◆ **TASK TO CARRY OUT**: Give again, exactly, every line of the entries below from the one that has "j) i = of_nat" to the last.

== DATA FOR THE TASK ==

(* Let $\alpha\in\mathbb C$. For every integer $n\ge1$, the first column $k_n:=K_ne_1$ of $K_n:=A_\alpha^n-T\big((z+z^{-1})^n\big)$ satisfies $$k_n=\sum_{i=0}^{\lfloor (n-1)/2\rfloor}\binom{n}{i}h_{n-2i}.$$
   Context: All matrices are semi-infinite with rows and columns indexed by the positive integers; $e_1$ is the first column of the semi-infinite identity. $T(a)$ denotes the Toeplitz matrix with $(i,j)$ entry $a_{j-i}$ for $a(z)=\sum_{i\in\mathbb Z}a_iz^i$, and $A_\alpha:=T(z+z^{-1})+\alpha e_1e_1^T$ (tridiagonal, ones on sub- and superdiagonal, $(1,1)$ entry $\alpha$, zeros elsewhere). Let $\theta=\alpha^2-1$ and define the polynomials $h_1(z)=\alpha z$ and, for $n\ge 2$, $h_n(z)=\theta\sum_{i=1}^{n-1}\alpha^{n-i-1}z^i+\alpha z^n$. The same symbol $h_n$ denotes the semi-infinite column vector whose $i$-th entry is the coefficient of $z^i$ in $h_n(z)$ ($i\ge1$), padded with zeros. *)

theory Defs
  imports "HOL-Analysis.Analysis" "HOL-Computational_Algebra.Polynomial"
begin

text \<open>Semi-infinite matrices: rows and columns indexed by positive integers;
  entries at index 0 are ignored. Laurent series coefficients: int \<Rightarrow> complex.\<close>

type_synonym smat = "nat \<Rightarrow> nat \<Rightarrow> complex"

definition smat_mult :: "smat \<Rightarrow> smat \<Rightarrow> smat" (infixl "**\<^sub>s" 70) where
  "smat_mult A B = (\<lambda>i j. infsum (\<lambda>k. A i k * B k j) {1..})"

definition smat_id :: smat where
  "smat_id = (\<lambda>i j. if i = j then 1 else 0)"

fun smat_pow :: "smat \<Rightarrow> nat \<Rightarrow> smat" where
  "smat_pow A 0 = smat_id"
| "smat_pow A (Suc n) = A **\<^sub>s smat_pow A n"

definition toeplitz :: "(int \<Rightarrow> complex) \<Rightarrow> smat" where
  "toeplitz a = (\<lambda>i j. a (int j - int i))"

text \<open>Coefficients of the Laurent polynomial z + z^{-1}.\<close>
definition zsym :: "int \<Rightarrow> complex" where
  "zsym = (\<lambda>m. if m = 1 \<or> m = -1 then 1 else 0)"

definition laurent_mult :: "(int \<Rightarrow> complex) \<Rightarrow> (int \<Rightarrow> complex) \<Rightarrow> (int \<Rightarrow> complex)" where
  "laurent_mult a b = (\<lambda>m. infsum (\<lambda>k. a k * b (m - k)) UNIV)"

fun zsym_pow :: "nat \<Rightarrow> int \<Rightarrow> complex" where
  "zsym_pow 0 = (\<lambda>m. if m = 0 then 1 else 0)"
| "zsym_pow (Suc n) = laurent_mult zsym (zsym_pow n)"

definition A_mat :: "complex \<Rightarrow> smat" where
  "A_mat \<alpha> = (\<lambda>i j. toeplitz zsym i j + (if i = 1 \<and> j = 1 then \<alpha> else 0))"

definition K_mat :: "complex \<Rightarrow> nat \<Rightarrow> smat" where
  "K_mat \<alpha> n = (\<lambda>i j. smat_pow (A_mat \<alpha>) n i j - toeplitz (zsym_pow n) i j)"

definition h_poly :: "complex \<Rightarrow> nat \<Rightarrow> complex poly" where
  "h_poly \<alpha> n = (if n = 1 then monom \<alpha> 1
     else smult (\<alpha>^2 - 1) (\<Sum>i = 1..n-1. monom (\<alpha> ^ (n - i - 1)) i) + monom \<alpha> n)"

end

theory Submission
  imports Defs
begin

text \<open>Extend the vectors \<open>h\<^sub>m\<close> to all integers \<open>m\<close> by \<open>h\<^sub>m = e\<^bsub>1-m\<^esub>\<close> for \<open>m \<le> 0\<close>, so that
  \<open>h\<^sub>0 = e\<^sub>1\<close>. Then \<open>A\<^sub>\<alpha> h\<^sub>m = h\<^bsub>m-1\<^esub> + h\<^bsub>m+1\<^esub>\<close> for every \<open>m\<close>: away from the first row this
  is the shift structure of \<open>T(z + z\<^sup>-\<^sup>1)\<close>, and the coefficients of \<open>h\<^sub>m\<close> are chosen exactly so
  that the corner entry \<open>\<alpha>\<close> is absorbed. Hence \<open>A\<^sub>\<alpha>\<close> acts on the family \<open>(h\<^sub>m)\<close> as
  \<open>S + S\<^sup>-\<^sup>1\<close>, \<open>S\<close> the index shift, and the binomial theorem gives
  \<open>A\<^sub>\<alpha>\<^sup>n e\<^sub>1 = \<Sum>\<^sub>j (n choose j) h\<^bsub>n-2j\<^esub>\<close>. The same computation for the coefficients of
  \<open>(z + z\<^sup>-\<^sup>1)\<^sup>n\<close> shows that \<open>T((z + z\<^sup>-\<^sup>1)\<^sup>n) e\<^sub>1\<close> is the part of this sum with \<open>n - 2j \<le> 0\<close>,
  so \<open>K\<^sub>n e\<^sub>1\<close> is the part with \<open>n - 2j \<ge> 1\<close>, i.e. \<open>j \<le> (n - 1) div 2\<close>.\<close>

text \<open>\<open>binomial_orbit x n\<close> is \<open>(S + S\<^sup>-\<^sup>1)\<^sup>n x\<close> for the shift \<open>(S x) m = x (m + 1)\<close>.\<close>

definition binomial_orbit :: "(int \<Rightarrow> 'a::semiring_1) \<Rightarrow> nat \<Rightarrow> int \<Rightarrow> 'a" where
  "binomial_orbit x n m = (\<Sum>j = 0..n. of_nat (n choose j) * x (m + int n - 2 * int j))"

lemma binomial_orbit_0 [simp]: "binomial_orbit x 0 m = x m"
  by (simp add: binomial_orbit_def)

lemma binomial_orbit_Suc:
  "binomial_orbit x (Suc n) m = binomial_orbit x n (m - 1) + binomial_orbit x n (m + 1)"
proof -
  define t where "t j = of_nat (n choose j) * x (m + 1 + int n - 2 * int j)" for j
  have "binomial_orbit x n (m + 1) = (\<Sum>j = 0..Suc n. t j)"
    by (simp add: binomial_orbit_def t_def binomial_eq_0)
  also have "\<dots> = t 0 + (\<Sum>j = 0..n. of_nat (n choose Suc j) * x (m + int n - 1 - 2 * int j))"
    by (subst sum.atLeast0_atMost_Suc_shift) (simp add: t_def algebra_simps)
  finally have "binomial_orbit x n (m - 1) + binomial_orbit x n (m + 1)
      = x (m + int (Suc n)) + (\<Sum>j = 0..n. of_nat (Suc n choose Suc j) * x (m + int n - 1 - 2 * int j))"
    by (simp add: binomial_orbit_def t_def sum.distrib algebra_simps)
  also have "\<dots> = binomial_orbit x (Suc n) m"
    unfolding binomial_orbit_def sum.atLeast0_atMost_Suc_shift by (simp add: algebra_simps)
  finally show ?thesis ..
qed

lemma binomial_orbit_add:
  "binomial_orbit (\<lambda>m. x m + y m) n m = binomial_orbit x n m + binomial_orbit y n m"
  by (simp add: binomial_orbit_def distrib_left sum.distrib)

lemma binomial_orbit_shift: "binomial_orbit x n (l + c) = binomial_orbit (\<lambda>m. x (m + c)) n l"
  by (simp add: binomial_orbit_def algebra_simps)

lemma laurent_mult_zsym: "laurent_mult zsym b m = b (m - 1) + b (m + 1)"
proof -
  have "laurent_mult zsym b m = (\<Sum>\<^sub>\<infinity>k\<in>{-1, 1}. zsym k * b (m - k))"
    unfolding laurent_mult_def by (rule infsum_cong_neutral) (auto simp: zsym_def)
  then show ?thesis by (simp add: zsym_def)
qed

lemma zsym_pow_eq_binomial_orbit: "zsym_pow n k = binomial_orbit (\<lambda>t. of_bool (t = 0)) n (- k)"
  by (induction n arbitrary: k) (simp_all add: laurent_mult_zsym binomial_orbit_Suc add.commute)

lemma toeplitz_zsym_pow_col1:
  "toeplitz (zsym_pow n) i 1 = binomial_orbit (\<lambda>m. of_bool (int i = 1 - m)) n 0"
proof -
  have "toeplitz (zsym_pow n) i 1 = binomial_orbit (\<lambda>t. of_bool (t = 0)) n (0 + (int i - 1))"
    by (simp add: toeplitz_def zsym_pow_eq_binomial_orbit)
  also have "\<dots> = binomial_orbit (\<lambda>m. of_bool (m + (int i - 1) = 0)) n 0"
    by (rule binomial_orbit_shift)
  also have "\<dots> = binomial_orbit (\<lambda>m. of_bool (int i = 1 - m)) n 0"
    by (rule arg_cong[where f = "\<lambda>x. binomial_orbit x n 0"]) (auto simp: fun_eq_iff)
  finally show ?thesis .
qed

lemma coeff_h_poly:
  assumes "k \<ge> 1"
  shows "coeff (h_poly \<alpha> k) i =
    (if i = k then \<alpha> else if 1 \<le> i \<and> i < k then (\<alpha>\<^sup>2 - 1) * \<alpha> ^ (k - i - 1) else 0)"
proof (cases "k = 1")
  case False
  have "coeff (\<Sum>j = 1..k - 1. monom (\<alpha> ^ (k - j - 1)) j) i
      = (\<Sum>j = 1..k - 1. if j = i then \<alpha> ^ (k - j - 1) else 0)"
    by (simp add: coeff_sum)
  also have "\<dots> = (if 1 \<le> i \<and> i < k then \<alpha> ^ (k - i - 1) else 0)"
    using assms by (subst sum.delta) auto
  finally have "coeff (\<Sum>j = 1..k - 1. monom (\<alpha> ^ (k - j - 1)) j) i = \<dots>" .
  then show ?thesis using False assms by (auto simp: h_poly_def)
qed (auto simp: h_poly_def)

lemma coeff_h_poly_Suc_Suc:
  assumes "k \<ge> 1" and "i \<ge> 1"
  shows "coeff (h_poly \<alpha> (Suc k)) (Suc i) = coeff (h_poly \<alpha> k) i"
  using assms by (simp add: coeff_h_poly)

lemma coeff_h_poly_Suc_1:
  assumes "k \<ge> 2"
  shows "coeff (h_poly \<alpha> (Suc k)) 1 = \<alpha> * coeff (h_poly \<alpha> k) 1"
  using assms by (simp add: coeff_h_poly power_Suc[symmetric] Suc_diff_Suc)

definition A_apply :: "complex \<Rightarrow> (nat \<Rightarrow> complex) \<Rightarrow> nat \<Rightarrow> complex" where
  "A_apply \<alpha> v i = (if i = 1 then \<alpha> * v 1 else v (i - 1)) + v (i + 1)"

lemma A_mat_mult_eq_A_apply:
  assumes "i \<ge> 1"
  shows "(A_mat \<alpha> **\<^sub>s M) i j = A_apply \<alpha> (\<lambda>k. M k j) i"
proof (cases "i = 1")
  case True
  have "(A_mat \<alpha> **\<^sub>s M) i j = (\<Sum>\<^sub>\<infinity>k\<in>{1, 2}. A_mat \<alpha> i k * M k j)"
    unfolding smat_mult_def
    by (rule infsum_cong_neutral) (use True in \<open>auto simp: A_mat_def toeplitz_def zsym_def\<close>)
  then show ?thesis using True by (simp add: A_mat_def A_apply_def toeplitz_def zsym_def numeral_2_eq_2)
next
  case False
  have "(A_mat \<alpha> **\<^sub>s M) i j = (\<Sum>\<^sub>\<infinity>k\<in>{i - 1, i + 1}. A_mat \<alpha> i k * M k j)"
    unfolding smat_mult_def
    by (rule infsum_cong_neutral) (use False assms in \<open>auto simp: A_mat_def toeplitz_def zsym_def\<close>)
  then show ?thesis using False assms by (simp add: A_mat_def A_apply_def toeplitz_def zsym_def)
qed

lemma A_apply_cong:
  assumes "\<And>k. k \<ge> 1 \<Longrightarrow> v k = w k" and "i \<ge> 1"
  shows "A_apply \<alpha> v i = A_apply \<alpha> w i"
  using assms by (simp add: A_apply_def)

lemma A_apply_binomial_orbit:
  "A_apply \<alpha> (\<lambda>k. binomial_orbit (\<lambda>m. v m k) n l) i = binomial_orbit (\<lambda>m. A_apply \<alpha> (v m) i) n l"
  by (simp add: A_apply_def binomial_orbit_def sum.distrib sum_distrib_left algebra_simps)

lemma A_apply_h_poly:
  assumes "k \<ge> 2" and "i \<ge> 1"
  shows "A_apply \<alpha> (coeff (h_poly \<alpha> k)) i = coeff (h_poly \<alpha> (k - 1)) i + coeff (h_poly \<alpha> (k + 1)) i"
proof (cases "i = 1")
  case True
  have "coeff (h_poly \<alpha> k) 2 = coeff (h_poly \<alpha> (k - 1)) 1"
    using coeff_h_poly_Suc_Suc[of "k - 1" 1 \<alpha>] assms by (simp add: numeral_2_eq_2)
  then show ?thesis
    using True coeff_h_poly_Suc_1[OF assms(1), of \<alpha>] by (simp add: A_apply_def numeral_2_eq_2)
next
  case False
  then show ?thesis
    using coeff_h_poly_Suc_Suc[of k "i - 1" \<alpha>] coeff_h_poly_Suc_Suc[of "k - 1" i \<alpha>] assms
    by (simp add: A_apply_def)
qed

text \<open>\<open>h_ext \<alpha> m\<close> is \<open>h\<^sub>m\<close> for \<open>m \<ge> 1\<close> and \<open>e\<^bsub>1-m\<^esub>\<close> for \<open>m \<le> 0\<close>, up to the unused entry at index 0
  (hit by the unit term when \<open>m = 1\<close>). Its two summands are the contributions to \<open>K\<^sub>n e\<^sub>1\<close> and to
  \<open>T((z + z\<^sup>-\<^sup>1)\<^sup>n) e\<^sub>1\<close>.\<close>

definition h_col :: "complex \<Rightarrow> int \<Rightarrow> nat \<Rightarrow> complex" where
  "h_col \<alpha> m i = (if m \<ge> 1 then coeff (h_poly \<alpha> (nat m)) i else 0)"

definition h_ext :: "complex \<Rightarrow> int \<Rightarrow> nat \<Rightarrow> complex" where
  "h_ext \<alpha> m i = h_col \<alpha> m i + of_bool (int i = 1 - m)"

lemma h_ext_nonpos: "m \<le> 0 \<Longrightarrow> h_ext \<alpha> m i = of_bool (int i = 1 - m)"
  by (simp add: h_ext_def h_col_def)

lemma h_ext_pos: "m \<ge> 1 \<Longrightarrow> i \<ge> 1 \<Longrightarrow> h_ext \<alpha> m i = coeff (h_poly \<alpha> (nat m)) i"
  by (simp add: h_ext_def h_col_def)

lemma A_apply_h_ext:
  assumes "i \<ge> 1"
  shows "A_apply \<alpha> (h_ext \<alpha> m) i = h_ext \<alpha> (m - 1) i + h_ext \<alpha> (m + 1) i"
proof -
  consider "m \<le> -1" | "m = 0" | "m = 1" | "m \<ge> 2"
    by linarith
  then show ?thesis
  proof cases
    case 1
    then show ?thesis using assms by (simp add: A_apply_def h_ext_nonpos)
  next
    case 2
    then show ?thesis using assms by (simp add: A_apply_def h_ext_nonpos h_ext_pos coeff_h_poly)
  next
    case 3
    have "h_ext \<alpha> 0 k = of_bool (k = 1)" for k
      by (simp add: h_ext_nonpos)
    moreover have "h_ext \<alpha> 1 k = (if k = 1 then \<alpha> else 0)" if "k \<ge> 1" for k
      using that by (simp add: h_ext_pos coeff_h_poly)
    moreover have "h_ext \<alpha> 2 k = (if k = 2 then \<alpha> else if k = 1 then \<alpha>\<^sup>2 - 1 else 0)" if "k \<ge> 1" for k
      using that by (simp add: h_ext_pos coeff_h_poly)
    ultimately show ?thesis
      using 3 assms by (cases "i = 1") (simp_all add: A_apply_def power2_eq_square, arith)
  next
    case 4
    define k where "k = nat m"
    have k: "m = int k" "k \<ge> 2"
      using 4 by (simp_all add: k_def)
    have "A_apply \<alpha> (h_ext \<alpha> m) i = A_apply \<alpha> (coeff (h_poly \<alpha> k)) i"
      using k assms by (intro A_apply_cong) (simp_all add: h_ext_pos)
    also have "\<dots> = coeff (h_poly \<alpha> (k - 1)) i + coeff (h_poly \<alpha> (k + 1)) i"
      by (rule A_apply_h_poly[OF k(2) assms])
    also have "\<dots> = h_ext \<alpha> (m - 1) i + h_ext \<alpha> (m + 1) i"
      using k assms by (simp add: h_ext_pos nat_diff_distrib nat_add_distrib)
    finally show ?thesis .
  qed
qed

lemma smat_pow_A_mat_col1:
  assumes "i \<ge> 1"
  shows "smat_pow (A_mat \<alpha>) n i 1 = binomial_orbit (\<lambda>m. h_ext \<alpha> m i) n 0"
  using assms
proof (induction n arbitrary: i)
  case 0
  then show ?case by (simp add: smat_id_def h_ext_def h_col_def)
next
  case (Suc n)
  have "smat_pow (A_mat \<alpha>) (Suc n) i 1 = A_apply \<alpha> (\<lambda>k. binomial_orbit (\<lambda>m. h_ext \<alpha> m k) n 0) i"
    using Suc by (simp add: A_mat_mult_eq_A_apply cong: A_apply_cong)
  also have "\<dots> = binomial_orbit (\<lambda>m. h_ext \<alpha> (m - 1) i + h_ext \<alpha> (m + 1) i) n 0"
    using Suc.prems by (simp add: A_apply_binomial_orbit A_apply_h_ext)
  also have "\<dots> = binomial_orbit (\<lambda>m. h_ext \<alpha> m i) (Suc n) 0"
    using binomial_orbit_shift[of "\<lambda>m. h_ext \<alpha> m i" n 0 "-1"] binomial_orbit_shift[of "\<lambda>m. h_ext \<alpha> m i" n 0 1]
    by (simp add: binomial_orbit_add binomial_orbit_Suc)
  finally show ?case .
qed

lemma binomial_orbit_h_col:
  assumes "n \<ge> 1"
  shows "binomial_orbit (\<lambda>m. h_col \<alpha> m i) n 0
    = (\<Sum>j = 0..(n - 1) div 2. of_nat (n choose j) * coeff (h_poly \<alpha> (n - 2 * j)) i)"
  unfolding binomial_orbit_def
proof (rule sum.mono_neutral_cong_right)
  show "\<forall>j\<in>{0..n} - {0..(n - 1) div 2}. of_nat (n choose j) * h_col \<alpha> (0 + int n - 2 * int j) i = 0"
    by (auto simp: h_col_def)
  show "of_nat (n choose j) * h_col \<alpha> (0 + int n - 2 * int j) i = of_nat (n choose j) * coeff (h_poly \<alpha> (n - 2 * j)) i"
    if "j \<in> {0..(n - 1) div 2}" for j
    using that assms by (auto simp: h_col_def nat_diff_distrib nat_mult_distrib)
qed auto

theorem theorem3:
  fixes \<alpha> :: complex and n :: nat
  assumes "n \<ge> 1"
  shows "\<forall>i\<ge>1. K_mat \<alpha> n i 1 =
           (\<Sum>j = 0..(n - 1) div 2. of_nat (n choose j) * coeff (h_poly \<alpha> (n - 2 * j)) i)"
proof (intro allI impI)
  fix i :: nat
  assume "i \<ge> 1"
  then have "K_mat \<alpha> n i 1 = binomial_orbit (\<lambda>m. h_ext \<alpha> m i) n 0 - toeplitz (zsym_pow n) i 1"
    unfolding K_mat_def by (simp only: smat_pow_A_mat_col1)
  also have "\<dots> = binomial_orbit (\<lambda>m. h_col \<alpha> m i) n 0"
    unfolding toeplitz_zsym_pow_col1 h_ext_def by (simp add: binomial_orbit_add)
  also have "\<dots> = (\<Sum>j = 0..(n - 1) div 2. of_nat (n choose j) * coeff (h_poly \<alpha> (n - 2 * j)) i)"
    by (rule binomial_orbit_h_col[OF assms])
  finally show "K_mat \<alpha> n i 1 =
      (\<Sum>j = 0..(n - 1) div 2. of_nat (n choose j) * coeff (h_poly \<alpha> (n - 2 * j)) i)" .
qed

end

===

◆ **RESULT**:
  show "of_nat (n choose j) * h_col \<alpha> (0 + int n - 2 * int j) i = of_nat (n choose j) * coeff (h_poly \<alpha> (n - 2 * j)) i"
    if "j \<in> {0..(n - 1) div 2}" for j
    using that assms by (auto simp: h_col_def nat_diff_distrib nat_mult_distrib)
qed auto

theorem theorem3:
  fixes \<alpha> :: complex and n :: nat
  assumes "n \<ge> 1"
  shows "\<forall>i\<ge>1. K_mat \<alpha> n i 1 =
           (\<Sum>j = 0..(n - 1) div 2. of_nat (n choose j) * coeff (h_poly \<alpha> (n - 2 * j)) i)"
proof (intro allI impI)
  fix i :: nat
  assume "i \<ge> 1"
  then have "K_mat \<alpha> n i 1 = binomial_orbit (\<lambda>m. h_ext \<alpha> m i) n 0 - toeplitz (zsym_pow n) i 1"
    unfolding K_mat_def by (simp only: smat_pow_A_mat_col1)
  also have "\<dots> = binomial_orbit (\<lambda>m. h_col \<alpha> m i) n 0"
    unfolding toeplitz_zsym_pow_col1 h_ext_def by (simp add: binomial_orbit_add)
  also have "\<dots> = (\<Sum>j = 0..(n - 1) div 2. of_nat (n choose j) * coeff (h_poly \<alpha> (n - 2 * j)) i)"
    by (rule binomial_orbit_h_col[OF assms])
  finally show "K_mat \<alpha> n i 1 =
      (\<Sum>j = 0..(n - 1) div 2. of_nat (n choose j) * coeff (h_poly \<alpha> (n - 2 * j)) i)" .
qed

end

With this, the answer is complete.